Звезда снова направилась вперёд, и ему пришлось затрусить следом. Стало ещё тяжелее: ровная поверхность постепенно пошла вверх. Долина, некогда напоминавшая глубокую чашу с выступами холмов в центре, так чашей и осталась, просто стала из-за песка более пологой, а холмы вовсе пропали. Мальчик вздохнул. Всё сильнее хотелось пить. Непривычное ощущение – в городе его мог бы напоить каждый фонтан.
– Так можно пока ты будешь Заном? – спросила Кара.
– Можно, пусть так.
Она улыбнулась и немного замедлила шаг, чтобы идти рядом. Вновь они молчали, но мальчик замечал, что Кара то и дело на него посматривает. И покусывает губу, будто хочет ещё что-то спросить.

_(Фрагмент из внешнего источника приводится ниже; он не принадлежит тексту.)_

(* Let $n\ge1$, $\nu\ge1$ be integers and $\delta\in\{0,1,2\}$, and suppose it is not the case that $\delta=0$ and $\nu$ is odd. Then the chromatic number of $\mathcal{O}^{(2\nu+\delta)}_{2^n}$ is $2^{\nu+\delta-1}+1$.
   Context: Let $V^{2\nu+\delta}$ be the set of tuples $\vec a=(a_1,\ldots,a_{2\nu+\delta})\in(\mathbb{Z}_{2^n})^{2\nu+\delta}$ such that some $a_i$ is a unit of $\mathbb{Z}_{2^n}$. Write $\vec a\sim\vec b$ if $\vec a=\lambda\vec b$ for some $\lambda\in\mathbb{Z}_{2^n}^\times$, let $[\vec a]$ denote the equivalence class and $V^{2\nu+\delta}_\sim$ the set of classes. Let $G_{2\nu+\delta,\Delta}=\begin{pmatrix}0&I_\nu&\\ &0&\\ &&\Delta\end{pmatrix}$ over $\mathbb{Z}_{2^n}$ (first two block sizes $\nu$, unspecified blocks zero), where $\Delta$ is empty if $\delta=0$, $\Delta=(1)$ if $\delta=1$, and $\Delta=\begin{pmatrix}z&1\\0&z\end{pmatrix}$ if $\delta=2$, with $z$ a fixed unit of $\mathbb{Z}_{2^n}$. The orthogonal graph $\mathcal{O}^{(2\nu+\delta)}_{2^n}$ has vertex set $\{[\vec a]\in V^{2\nu+\delta}_\sim:\vec a\,G_{2\nu+\delta,\Delta}\,\vec a^t=0\}$, with $[\vec a]$ adjacent to $[\vec b]$ iff $\vec a(G_{2\nu+\delta,\Delta}+G_{2\nu+\delta,\Delta}^t)\vec b^t\in\mathbb{Z}_{2^n}^\times$. *)

theory Defs
  imports Main
begin

text \<open>Elements of Z_{2^n} are represented by integers in {0..<2^n}; tuples of length
m = 2 nu + delta by functions nat => int, indices 0..m-1, zero outside.\<close>

definition unit_mod :: "nat \<Rightarrow> int \<Rightarrow> bool" where
  "unit_mod n x \<longleftrightarrow> coprime x (2 ^ n)"

definition Gmat :: "nat \<Rightarrow> nat \<Rightarrow> int \<Rightarrow> nat \<Rightarrow> nat \<Rightarrow> int" where
  "Gmat \<nu> \<delta> z i j =
     (if i < \<nu> \<and> j = \<nu> + i then 1
      else if \<delta> = 1 \<and> i = 2*\<nu> \<and> j = 2*\<nu> then 1
      else if \<delta> = 2 \<and> i = 2*\<nu> \<and> j = 2*\<nu> then z
      else if \<delta> = 2 \<and> i = 2*\<nu> \<and> j = 2*\<nu>+1 then 1
      else if \<delta> = 2 \<and> i = 2*\<nu>+1 \<and> j = 2*\<nu>+1 then z
      else 0)"

definition Vset :: "nat \<Rightarrow> nat \<Rightarrow> (nat \<Rightarrow> int) set" where
  "Vset n m = {a. (\<forall>i<m. 0 \<le> a i \<and> a i < 2 ^ n) \<and> (\<forall>i\<ge>m. a i = 0)
                  \<and> (\<exists>i<m. unit_mod n (a i))}"

definition vsim :: "nat \<Rightarrow> nat \<Rightarrow> (nat \<Rightarrow> int) \<Rightarrow> (nat \<Rightarrow> int) \<Rightarrow> bool" where
  "vsim n m a b \<longleftrightarrow> (\<exists>c. unit_mod n c \<and> (\<forall>i<m. a i mod 2 ^ n = (c * b i) mod 2 ^ n))"

definition vclass :: "nat \<Rightarrow> nat \<Rightarrow> (nat \<Rightarrow> int) \<Rightarrow> (nat \<Rightarrow> int) set" where
  "vclass n m a = {b \<in> Vset n m. vsim n m b a}"

definition bform :: "nat \<Rightarrow> (nat \<Rightarrow> nat \<Rightarrow> int) \<Rightarrow> (nat \<Rightarrow> int) \<Rightarrow> (nat \<Rightarrow> int) \<Rightarrow> int" where
  "bform m M a b = (\<Sum>i<m. \<Sum>j<m. a i * M i j * b j)"

definition orth_vertices :: "nat \<Rightarrow> nat \<Rightarrow> nat \<Rightarrow> int \<Rightarrow> (nat \<Rightarrow> int) set set" where
  "orth_vertices n \<nu> \<delta> z =
     {vclass n (2*\<nu>+\<delta>) a | a. a \<in> Vset n (2*\<nu>+\<delta>)
        \<and> bform (2*\<nu>+\<delta>) (Gmat \<nu> \<delta> z) a a mod 2 ^ n = 0}"

text \<open>Adjacency: a (G + G^t) b^t is a unit (independent of representatives).\<close>
definition orth_adj :: "nat \<Rightarrow> nat \<Rightarrow> nat \<Rightarrow> int \<Rightarrow> (nat \<Rightarrow> int) set \<Rightarrow> (nat \<Rightarrow> int) set \<Rightarrow> bool" where
  "orth_adj n \<nu> \<delta> z X Y \<longleftrightarrow>
     (\<exists>a\<in>X. \<exists>b\<in>Y. unit_mod n
        (bform (2*\<nu>+\<delta>) (\<lambda>i j. Gmat \<nu> \<delta> z i j + Gmat \<nu> \<delta> z j i) a b))"

definition proper_colouring :: "'v set \<Rightarrow> ('v \<Rightarrow> 'v \<Rightarrow> bool) \<Rightarrow> nat \<Rightarrow> ('v \<Rightarrow> nat) \<Rightarrow> bool" where
  "proper_colouring V E k f \<longleftrightarrow>
     (\<forall>x\<in>V. f x < k) \<and> (\<forall>x\<in>V. \<forall>y\<in>V. x \<noteq> y \<and> E x y \<longrightarrow> f x \<noteq> f y)"

definition chromatic_number :: "'v set \<Rightarrow> ('v \<Rightarrow> 'v \<Rightarrow> bool) \<Rightarrow> nat" where
  "chromatic_number V E = (LEAST k. \<exists>f. proper_colouring V E k f)"

end

(*
  Reduction mod 2 identifies the orthogonal graph with the graph on the nonzero singular vectors
  of the quadratic form Q = x.y + A(z) over GF(2), where A is 0, z^2 or z^2 + z w + w^2,
  two vectors being adjacent when their polar form is 1: adjacency only depends on the
  reductions, and every singular vector lifts to an isotropic vector over Z/2^n.

  Lower bound: a colour class consists of pairwise orthogonal singular vectors, so it spans a
  totally singular subspace, which has at most 2^nu elements. Hence a class has at most
  2^nu - 1 elements, while there are at least (2^(nu+delta-1) + 1)(2^nu - 1) singular vectors.

  Upper bound: identify GF(2)^k with the field GF(2^k) = GF(2)[x]/(f). A singular vector
  (x, y, ...) with x <> 0 gets the colour a such that y = M_a x, for a family of 2^k self-adjoint
  maps M_a built from multiplication by a; vectors with x = 0 share one extra colour. This needs
  nu = k in the parabolic case and nu = k + 1 with k odd in the hyperbolic case, where M_a must
  moreover be alternating; the elliptic form embeds into the parabolic form of rank nu + 1.
*)

theory Submission
  imports Defs "Berlekamp_Zassenhaus.Distinct_Degree_Factorization"
begin

section \<open>Irreducible polynomials over prime fields\<close>

lemma power_card_degree_mod:
  fixes g p :: "'a::prime_card mod_ring poly"
  assumes irr: "irreducible g"
  shows "p ^ (CARD('a) ^ degree g) mod g = p mod g"
proof -
  interpret poly_mod_type_irr "CARD('a)" g by (unfold_locales, auto simp: irr)
  show ?thesis
  proof (cases "p mod g = 0")
    case True
    then have "g dvd p" by (simp add: mod_eq_0_iff_dvd)
    then have "g dvd p ^ (CARD('a) ^ degree g)" by (intro dvd_trans[OF _ dvd_power]) simp_all
    then show ?thesis using True by (simp add: mod_eq_0_iff_dvd)
  next
    case False
    then have "p mod g \<in> carrier (mult_of R)"
      using mod_in_carrier[of p] by (simp add: carrier_mult_of R_def)
    from element_power_order_eq_1'[OF this]
    have "(p mod g) ^ (CARD('a) ^ degree g) mod g = p mod g" by simp
    then show ?thesis by (simp add: power_mod)
  qed
qed

lemma monic_irreducible_dvd_eq:
  fixes a b :: "'a::field_gcd poly"
  assumes "irreducible a" "irreducible b" "monic a" "monic b" "a dvd b"
  shows "a = b"
proof -
  obtain c where b: "b = a * c" using assms(5) by (elim dvdE)
  have "is_unit c" using irreducibleD[OF assms(2) b] irreducible_not_unit[OF assms(1)] by auto
  then have "degree c = 0" by (simp add: is_unit_field_poly)
  moreover have "monic c" using assms(3,4) b by (simp add: lead_coeff_mult)
  ultimately have "c = 1" using monic_degree_0 by blast
  then show ?thesis using b by simp
qed

lemma prod_monic_irreducibles_dvd:
  fixes Q :: "'a::field_gcd poly"
  assumes "finite A" "A \<subseteq> {q. irreducible q \<and> monic q}" "\<forall>a\<in>A. a dvd Q"
  shows "\<Prod>A dvd Q"
  using assms
proof (induction A rule: finite_induct)
  case empty
  then show ?case by simp
next
  case (insert a B)
  have irr: "irreducible a" "monic a" using insert.prems by auto
  have "\<not> a dvd \<Prod>B"
  proof
    assume "a dvd \<Prod>B"
    then obtain b where "b \<in> B" "a dvd b" using irreducible_dvd_prod[OF irr(1), of id B] by auto
    then have "a = b" using monic_irreducible_dvd_eq[of a b] irr insert.prems(1) by auto
    then show False using insert.hyps \<open>b \<in> B\<close> by auto
  qed
  have "prime_elem a" using irr(1) by (simp add: prime_elem_iff_irreducible)
  have "a dvd Q" "\<Prod>B dvd Q" using insert by auto
  from divides_mult[OF this prime_elem_imp_coprime[OF \<open>prime_elem a\<close> \<open>\<not> a dvd \<Prod>B\<close>]]
  show ?case using insert by simp
qed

– Зан… – наконец решилась она.
– Да? – Он опять вытер пот, откинул со лба волосы. Сильно они отросли…
– А как же твой дом… ну… попал под песок? Вряд ли он был там всегда.
Даже о жаре он на миг забыл, коротко отвечая:
– Так вышло.
Но Кара, явно чувствуя что-то, не отставала:
– А раньше у вас такое бывало?
– Нет. – Зачем-то он обернулся на две цепочки следов, на сплошное красно-золотое полотнище. – Песок нас не трогал со дня, как мы его победили. Нас всегда защищал…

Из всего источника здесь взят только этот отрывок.